**TRY IT:** Please take the records that follow and repeat exactly the lines starting with the line with "(real^'k^'p) set). L_RCS" and going on through the line with "x = (\<chi> i".

**STORED DATA:**

Content starts

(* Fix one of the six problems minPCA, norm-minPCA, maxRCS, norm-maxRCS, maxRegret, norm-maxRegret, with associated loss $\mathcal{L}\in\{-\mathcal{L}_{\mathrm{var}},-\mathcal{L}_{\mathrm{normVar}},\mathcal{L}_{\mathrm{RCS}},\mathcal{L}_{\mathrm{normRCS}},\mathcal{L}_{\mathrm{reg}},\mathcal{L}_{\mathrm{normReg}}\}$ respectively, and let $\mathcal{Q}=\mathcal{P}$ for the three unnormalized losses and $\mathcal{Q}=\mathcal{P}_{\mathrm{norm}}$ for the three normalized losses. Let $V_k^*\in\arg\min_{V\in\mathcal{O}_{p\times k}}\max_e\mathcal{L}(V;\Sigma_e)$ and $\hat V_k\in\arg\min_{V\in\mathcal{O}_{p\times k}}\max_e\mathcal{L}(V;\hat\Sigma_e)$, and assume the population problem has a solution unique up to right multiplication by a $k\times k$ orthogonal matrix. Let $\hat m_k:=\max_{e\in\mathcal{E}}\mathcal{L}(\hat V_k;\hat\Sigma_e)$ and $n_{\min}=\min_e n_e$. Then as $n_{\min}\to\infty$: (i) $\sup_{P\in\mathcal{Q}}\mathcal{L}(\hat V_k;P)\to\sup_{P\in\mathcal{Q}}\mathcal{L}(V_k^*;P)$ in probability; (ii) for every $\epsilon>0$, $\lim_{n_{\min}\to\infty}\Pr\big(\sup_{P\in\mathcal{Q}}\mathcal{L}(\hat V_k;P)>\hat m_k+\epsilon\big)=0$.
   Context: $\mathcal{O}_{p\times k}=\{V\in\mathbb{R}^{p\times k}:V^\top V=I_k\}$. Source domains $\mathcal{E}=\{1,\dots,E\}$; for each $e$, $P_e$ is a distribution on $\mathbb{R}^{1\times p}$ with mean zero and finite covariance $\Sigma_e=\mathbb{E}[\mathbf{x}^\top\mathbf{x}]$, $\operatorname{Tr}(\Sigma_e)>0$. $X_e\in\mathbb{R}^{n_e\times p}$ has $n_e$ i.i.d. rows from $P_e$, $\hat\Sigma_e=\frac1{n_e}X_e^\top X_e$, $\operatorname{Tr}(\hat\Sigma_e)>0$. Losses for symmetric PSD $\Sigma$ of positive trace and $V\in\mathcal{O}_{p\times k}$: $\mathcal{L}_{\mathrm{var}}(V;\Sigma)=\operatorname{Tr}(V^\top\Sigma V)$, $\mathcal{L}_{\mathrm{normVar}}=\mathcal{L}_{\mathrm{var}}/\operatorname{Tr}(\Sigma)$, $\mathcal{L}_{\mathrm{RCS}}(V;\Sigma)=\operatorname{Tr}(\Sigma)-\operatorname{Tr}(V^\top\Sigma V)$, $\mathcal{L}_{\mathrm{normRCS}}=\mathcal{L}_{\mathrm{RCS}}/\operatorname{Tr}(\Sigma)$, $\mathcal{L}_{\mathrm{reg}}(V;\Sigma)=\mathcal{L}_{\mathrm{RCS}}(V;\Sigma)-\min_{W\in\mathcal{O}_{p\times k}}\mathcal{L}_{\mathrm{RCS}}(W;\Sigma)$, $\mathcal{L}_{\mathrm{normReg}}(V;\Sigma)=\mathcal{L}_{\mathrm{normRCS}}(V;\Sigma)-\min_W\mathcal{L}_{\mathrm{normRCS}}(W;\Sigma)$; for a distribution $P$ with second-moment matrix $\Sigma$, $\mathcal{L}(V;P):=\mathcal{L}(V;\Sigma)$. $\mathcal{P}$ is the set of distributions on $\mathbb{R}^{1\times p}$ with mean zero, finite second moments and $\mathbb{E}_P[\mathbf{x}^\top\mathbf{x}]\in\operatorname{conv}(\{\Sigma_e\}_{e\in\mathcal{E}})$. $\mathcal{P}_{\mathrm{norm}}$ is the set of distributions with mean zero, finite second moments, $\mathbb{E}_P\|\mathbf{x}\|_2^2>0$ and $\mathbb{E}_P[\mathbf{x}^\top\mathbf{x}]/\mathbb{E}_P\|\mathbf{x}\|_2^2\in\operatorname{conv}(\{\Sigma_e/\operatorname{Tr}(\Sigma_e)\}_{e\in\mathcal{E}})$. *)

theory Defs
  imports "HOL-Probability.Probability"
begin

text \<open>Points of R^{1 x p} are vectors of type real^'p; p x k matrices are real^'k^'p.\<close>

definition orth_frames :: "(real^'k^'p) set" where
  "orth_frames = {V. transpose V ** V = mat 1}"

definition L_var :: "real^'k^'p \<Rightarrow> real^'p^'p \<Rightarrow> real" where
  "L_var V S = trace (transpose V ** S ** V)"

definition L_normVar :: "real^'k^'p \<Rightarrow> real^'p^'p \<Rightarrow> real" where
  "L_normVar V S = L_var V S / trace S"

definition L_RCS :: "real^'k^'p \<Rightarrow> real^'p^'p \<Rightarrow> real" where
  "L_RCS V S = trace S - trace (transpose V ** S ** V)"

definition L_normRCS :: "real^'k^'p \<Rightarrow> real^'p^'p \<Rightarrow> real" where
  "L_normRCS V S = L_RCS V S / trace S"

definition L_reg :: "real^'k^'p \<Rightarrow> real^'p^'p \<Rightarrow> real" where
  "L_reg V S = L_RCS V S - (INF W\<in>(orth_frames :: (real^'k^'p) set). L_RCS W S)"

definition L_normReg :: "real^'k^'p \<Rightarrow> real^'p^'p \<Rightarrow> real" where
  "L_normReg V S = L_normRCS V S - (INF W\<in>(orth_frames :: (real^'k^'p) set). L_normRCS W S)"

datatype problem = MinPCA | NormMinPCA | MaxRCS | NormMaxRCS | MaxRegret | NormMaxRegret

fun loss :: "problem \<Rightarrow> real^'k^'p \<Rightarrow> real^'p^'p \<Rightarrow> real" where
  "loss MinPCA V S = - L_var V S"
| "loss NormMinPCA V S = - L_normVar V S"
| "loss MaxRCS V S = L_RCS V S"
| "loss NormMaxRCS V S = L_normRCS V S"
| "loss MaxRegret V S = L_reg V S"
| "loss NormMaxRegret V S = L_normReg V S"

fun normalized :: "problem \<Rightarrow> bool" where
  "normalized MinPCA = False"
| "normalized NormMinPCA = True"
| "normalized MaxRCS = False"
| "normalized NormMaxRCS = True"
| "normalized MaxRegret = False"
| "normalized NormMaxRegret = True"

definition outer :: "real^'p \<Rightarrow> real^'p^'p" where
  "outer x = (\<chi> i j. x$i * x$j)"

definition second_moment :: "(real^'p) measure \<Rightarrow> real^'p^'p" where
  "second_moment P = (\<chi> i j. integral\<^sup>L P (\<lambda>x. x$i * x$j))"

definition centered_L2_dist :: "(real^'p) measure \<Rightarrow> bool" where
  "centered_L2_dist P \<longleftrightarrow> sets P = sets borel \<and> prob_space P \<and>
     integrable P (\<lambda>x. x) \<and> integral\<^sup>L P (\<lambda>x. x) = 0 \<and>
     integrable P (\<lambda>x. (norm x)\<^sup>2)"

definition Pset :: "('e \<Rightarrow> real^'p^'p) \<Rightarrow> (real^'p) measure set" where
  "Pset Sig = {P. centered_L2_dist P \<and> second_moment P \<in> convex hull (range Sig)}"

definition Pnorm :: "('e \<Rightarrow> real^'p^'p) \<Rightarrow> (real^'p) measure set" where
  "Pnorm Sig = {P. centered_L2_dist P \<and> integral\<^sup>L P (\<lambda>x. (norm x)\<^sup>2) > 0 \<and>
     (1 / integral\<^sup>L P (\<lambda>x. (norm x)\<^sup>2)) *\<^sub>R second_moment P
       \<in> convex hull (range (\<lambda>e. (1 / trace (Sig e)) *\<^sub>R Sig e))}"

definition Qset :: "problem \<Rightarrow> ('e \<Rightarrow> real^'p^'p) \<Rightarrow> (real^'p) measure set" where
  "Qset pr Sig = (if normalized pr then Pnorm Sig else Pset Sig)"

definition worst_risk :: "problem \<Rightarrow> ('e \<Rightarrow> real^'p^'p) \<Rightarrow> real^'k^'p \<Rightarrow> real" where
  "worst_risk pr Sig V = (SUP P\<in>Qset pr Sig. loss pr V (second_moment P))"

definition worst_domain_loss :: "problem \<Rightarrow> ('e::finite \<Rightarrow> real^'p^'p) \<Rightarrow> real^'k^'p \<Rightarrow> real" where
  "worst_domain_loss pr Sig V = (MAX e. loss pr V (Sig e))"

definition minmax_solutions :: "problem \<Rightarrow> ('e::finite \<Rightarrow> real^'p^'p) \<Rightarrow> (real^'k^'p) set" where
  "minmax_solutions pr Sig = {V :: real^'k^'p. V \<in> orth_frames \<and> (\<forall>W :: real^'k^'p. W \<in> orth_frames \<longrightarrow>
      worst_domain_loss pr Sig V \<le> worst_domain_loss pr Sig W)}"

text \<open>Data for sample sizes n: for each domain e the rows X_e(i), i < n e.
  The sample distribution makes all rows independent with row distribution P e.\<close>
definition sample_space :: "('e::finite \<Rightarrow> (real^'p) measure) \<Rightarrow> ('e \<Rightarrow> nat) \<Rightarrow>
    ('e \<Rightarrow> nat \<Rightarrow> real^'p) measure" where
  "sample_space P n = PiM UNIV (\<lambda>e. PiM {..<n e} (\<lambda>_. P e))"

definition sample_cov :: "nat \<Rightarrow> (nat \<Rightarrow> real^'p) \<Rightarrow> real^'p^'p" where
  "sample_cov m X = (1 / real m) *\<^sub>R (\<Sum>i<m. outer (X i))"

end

Content ends
Content starts

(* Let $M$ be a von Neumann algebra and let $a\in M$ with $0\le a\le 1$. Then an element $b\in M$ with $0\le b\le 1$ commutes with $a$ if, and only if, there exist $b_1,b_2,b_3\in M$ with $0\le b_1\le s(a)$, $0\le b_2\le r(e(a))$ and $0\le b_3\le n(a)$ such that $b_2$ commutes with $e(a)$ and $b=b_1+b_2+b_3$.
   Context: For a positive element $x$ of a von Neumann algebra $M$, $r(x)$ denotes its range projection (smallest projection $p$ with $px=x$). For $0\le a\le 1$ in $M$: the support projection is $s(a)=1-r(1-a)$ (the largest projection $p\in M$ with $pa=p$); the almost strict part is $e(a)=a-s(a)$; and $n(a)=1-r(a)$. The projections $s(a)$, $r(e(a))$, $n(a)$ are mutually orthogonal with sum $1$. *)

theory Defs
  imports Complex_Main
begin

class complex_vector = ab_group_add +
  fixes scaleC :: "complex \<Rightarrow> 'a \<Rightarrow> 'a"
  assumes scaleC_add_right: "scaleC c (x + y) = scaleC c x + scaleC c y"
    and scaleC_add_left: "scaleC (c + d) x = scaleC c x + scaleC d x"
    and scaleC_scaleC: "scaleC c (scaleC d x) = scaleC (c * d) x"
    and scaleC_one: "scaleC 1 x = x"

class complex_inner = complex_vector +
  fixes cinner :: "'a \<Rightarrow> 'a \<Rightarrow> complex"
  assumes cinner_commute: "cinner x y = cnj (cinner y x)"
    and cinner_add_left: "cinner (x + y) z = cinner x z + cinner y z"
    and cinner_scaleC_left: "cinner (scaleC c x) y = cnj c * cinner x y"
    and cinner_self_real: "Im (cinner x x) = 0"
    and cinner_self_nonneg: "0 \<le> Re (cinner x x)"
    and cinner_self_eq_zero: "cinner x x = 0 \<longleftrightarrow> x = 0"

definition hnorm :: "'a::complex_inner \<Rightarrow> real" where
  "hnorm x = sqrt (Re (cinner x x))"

Content ends

**EXPECTED ANSWER:**
  "L_reg V S = L_RCS V S - (INF W\<in>(orth_frames :: (real^'k^'p) set). L_RCS W S)"

definition L_normReg :: "real^'k^'p \<Rightarrow> real^'p^'p \<Rightarrow> real" where
  "L_normReg V S = L_normRCS V S - (INF W\<in>(orth_frames :: (real^'k^'p) set). L_normRCS W S)"

datatype problem = MinPCA | NormMinPCA | MaxRCS | NormMaxRCS | MaxRegret | NormMaxRegret

fun loss :: "problem \<Rightarrow> real^'k^'p \<Rightarrow> real^'p^'p \<Rightarrow> real" where
  "loss MinPCA V S = - L_var V S"
| "loss NormMinPCA V S = - L_normVar V S"
| "loss MaxRCS V S = L_RCS V S"
| "loss NormMaxRCS V S = L_normRCS V S"
| "loss MaxRegret V S = L_reg V S"
| "loss NormMaxRegret V S = L_normReg V S"

fun normalized :: "problem \<Rightarrow> bool" where
  "normalized MinPCA = False"
| "normalized NormMinPCA = True"
| "normalized MaxRCS = False"
| "normalized NormMaxRCS = True"
| "normalized MaxRegret = False"
| "normalized NormMaxRegret = True"

definition outer :: "real^'p \<Rightarrow> real^'p^'p" where
  "outer x = (\<chi> i j. x$i * x$j)"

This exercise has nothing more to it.